In the  May 17, 2021 issue of the Bangla Desh magazine, published from Kolkata, there is a comprehensive reappraisal of the hybrid big cat experiments done in Alipore Zoo more than three decades ago, that resulted in two tigons (tiger X lion) and five litigons [Lion X tigon(tiger X lions)] being produced as well as naturally occurring hybrids including cognisance of the fact that human evolution was shaped by hybridisation between Homo Sapiens and Neanderthals.

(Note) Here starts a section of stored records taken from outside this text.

lemma subgroup_cyclic_if_no_translations:
  assumes H: "subgroup H (Hol N)" and translation_free: "\<And>c. affine c 1 \<in> H \<Longrightarrow> n dvd c"
  shows "\<exists>h\<^sub>0\<in>H. \<forall>h\<in>H. \<exists>k::nat. h = h\<^sub>0 [^]\<^bsub>Hol N\<^esub> k"
proof -
  obtain g where "\<forall>k>0. residue_primroot (p ^ k) g"
    using residue_primroot_odd_prime_power_exists[OF prime odd] by blast
  then have g: "residue_primroot (p ^ e) g"
    using e_pos by blast
  obtain c\<^sub>0 d where h\<^sub>0: "affine c\<^sub>0 (int g ^ d) \<in> H"
    and d: "\<And>c i. affine c (int g ^ i) \<in> H \<Longrightarrow> d dvd i"
    using primroot_exponents_of_subgroup[OF H g] by (elim exE conjE) auto
  have "\<exists>k::nat. h = affine c\<^sub>0 (int g ^ d) [^]\<^bsub>Hol N\<^esub> k" if h: "h \<in> H" for h
  proof -
    obtain c u where h_eq: "h = affine c u" and u: "\<not> int p dvd u"
      using h subgroup.subset[OF H] affine_cases by blast
    obtain i where i: "[u = int g ^ i] (mod n)"
      using ex_cong_power_primroot[OF g u] .
    then have "affine c (int g ^ i) = h"
      by (simp add: h_eq affine_eq_iff cong_sym)
    then obtain k where "i = d * k"
      using d h by (metis dvdE)
    then have "h = affine c\<^sub>0 (int g ^ d) [^]\<^bsub>Hol N\<^esub> k"
      using i h H Hol.subgroup_nat_pow_closed[OF H h\<^sub>0, of k]
      by (auto simp: h_eq affine_pow power_mult intro!: affine_eq_if_no_translations[OF H translation_free])
    then show ?thesis ..
  qed
  then show ?thesis
    using h\<^sub>0 by blast
qed

lemma fixed_point_if_no_translations:
  assumes h: "h \<in> carrier (Hol N)"
    and translation_free: "\<And>k c. h [^]\<^bsub>Hol N\<^esub> (k::nat) = affine c 1 \<Longrightarrow> n dvd c"
  shows "\<exists>x\<in>carrier N. hol_act N h x = x"
proof -
  obtain b u where h_eq: "h = affine b u" and u: "\<not> int p dvd u"
    using affine_cases[OF h] .
  have "\<exists>x. [b + u * x = x] (mod n)"
  proof (rule affine_fixed_point_cong[OF prime odd u])
    fix k assume "[u ^ k = 1] (mod n)"
    then have "h [^]\<^bsub>Hol N\<^esub> k = affine (b * (\<Sum>i<k. u ^ i)) 1"
      by (simp add: h_eq affine_pow affine_eq_iff)
    then show "n dvd b * (\<Sum>i<k. u ^ i)"
      by (rule translation_free)
  qed
  then obtain x where "[b + u * x = x] (mod n)" ..
  then have "hol_act N h (a [^]\<^bsub>N\<^esub> x) = a [^]\<^bsub>N\<^esub> x"
    by (simp add: h_eq hol_act_affine pow_generator_eq_iff)
  then show ?thesis
    using generator by blast
qed

lemma common_fixed_point_if_no_translations:
  assumes H: "subgroup H (Hol N)" and translation_free: "\<And>c. affine c 1 \<in> H \<Longrightarrow> n dvd c"
  shows "\<exists>x\<in>carrier N. \<forall>h\<in>H. hol_act N h x = x"
proof -
  obtain h\<^sub>0 where h\<^sub>0: "h\<^sub>0 \<in> H" and cyclic: "\<And>h. h \<in> H \<Longrightarrow> \<exists>k::nat. h = h\<^sub>0 [^]\<^bsub>Hol N\<^esub> k"
    using subgroup_cyclic_if_no_translations[OF H translation_free] by blast
  have h\<^sub>0_in: "h\<^sub>0 \<in> carrier (Hol N)"
    using h\<^sub>0 subgroup.subset[OF H] by blast
  obtain x where x: "x \<in> carrier N" "hol_act N h\<^sub>0 x = x"
    using fixed_point_if_no_translations[OF h\<^sub>0_in] translation_free
      Hol.subgroup_nat_pow_closed[OF H h\<^sub>0] by metis
  then have "hol_act N h x = x" if "h \<in> H" for h
    using cyclic[OF that] hol_act_pow_fixed[OF N.is_group h\<^sub>0_in] by auto
  then show ?thesis
    using x(1) by blast
qed

lemma conjugate_hol_stab_if_transitive_quotient:
  assumes G: "subgroup G (Hol N)" and tr: "hol_transitive N G"
    and H: "subgroup H ((Hol N)\<lparr>carrier := G\<rparr>)"
    and index: "card (rcosets\<^bsub>(Hol N)\<lparr>carrier := G\<rparr>\<^esub> H) = p ^ e"
    and T: "subgroup T (Hol N)" "hol_transitive N T"
    and \<phi>: "\<phi> \<in> iso ((Hol N)\<lparr>carrier := G\<rparr> Mod core ((Hol N)\<lparr>carrier := G\<rparr>) H) ((Hol N)\<lparr>carrier := T\<rparr>)"
  shows "\<exists>g\<in>G. H = g <#\<^bsub>Hol N\<^esub> hol_stab N G #>\<^bsub>Hol N\<^esub> inv\<^bsub>Hol N\<^esub> g"
proof -
  have "\<And>c. affine c 1 \<in> H \<Longrightarrow> n dvd c"
    using translations_trivial_if_quotient_transitive[OF G H T \<phi>] .
  then obtain x where "x \<in> carrier N" "\<And>h. h \<in> H \<Longrightarrow> hol_act N h x = x"
    using common_fixed_point_if_no_translations[OF Hol.incl_subgroup[OF G H]] by blast
  then show ?thesis
    using conjugate_hol_stab_if_fixed_point[OF N.is_group finite_carrier G tr H] index
    by (simp add: card_carrier)
qed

Rethinking our relationship with animals

All these recent incidents call for a careful and thoughtful reappraisal for our relationship with all animals, including ourselves. In view of all these incidents and publications, my organisation strongly calls for the humane treatment of all animals in captivity in zoos, circuses and other facilities, be they so called pure bred or hybrid. 

Under no circumstances should healthy animals be killed as happened with the killing of the healthy giraffe named Marius in Copenhagen Zoo in Denmark in 2014 and the killing of healthy hybrid tiger cubs in Magdeburg Zoo in Germany in 2008.

As an alternative, World Animal Protection recommends severely controlling and curtailing of breeding of animals in captivity in zoos and other captive animals facilities and the creation of rescue centres where unwanted zoo and captive animals can be retired for the rest of their lives to live in peace and dignity.

The international zoo community is in dire need of visionaries like Gerald Durrell, Jeremy Mallinson, John Aspinall, Bill Travers, Virginia McKenna, Billy Arjan Singh, Kailash Sankhala, Carl Sagan and Stefan Ormrod today. World Animal Protection believes that for many wild animals that are in abusive captive situations, relocation to wildlife-friendly sanctuaries is the only way forward, an example being the elephants used for riding in Jaipur.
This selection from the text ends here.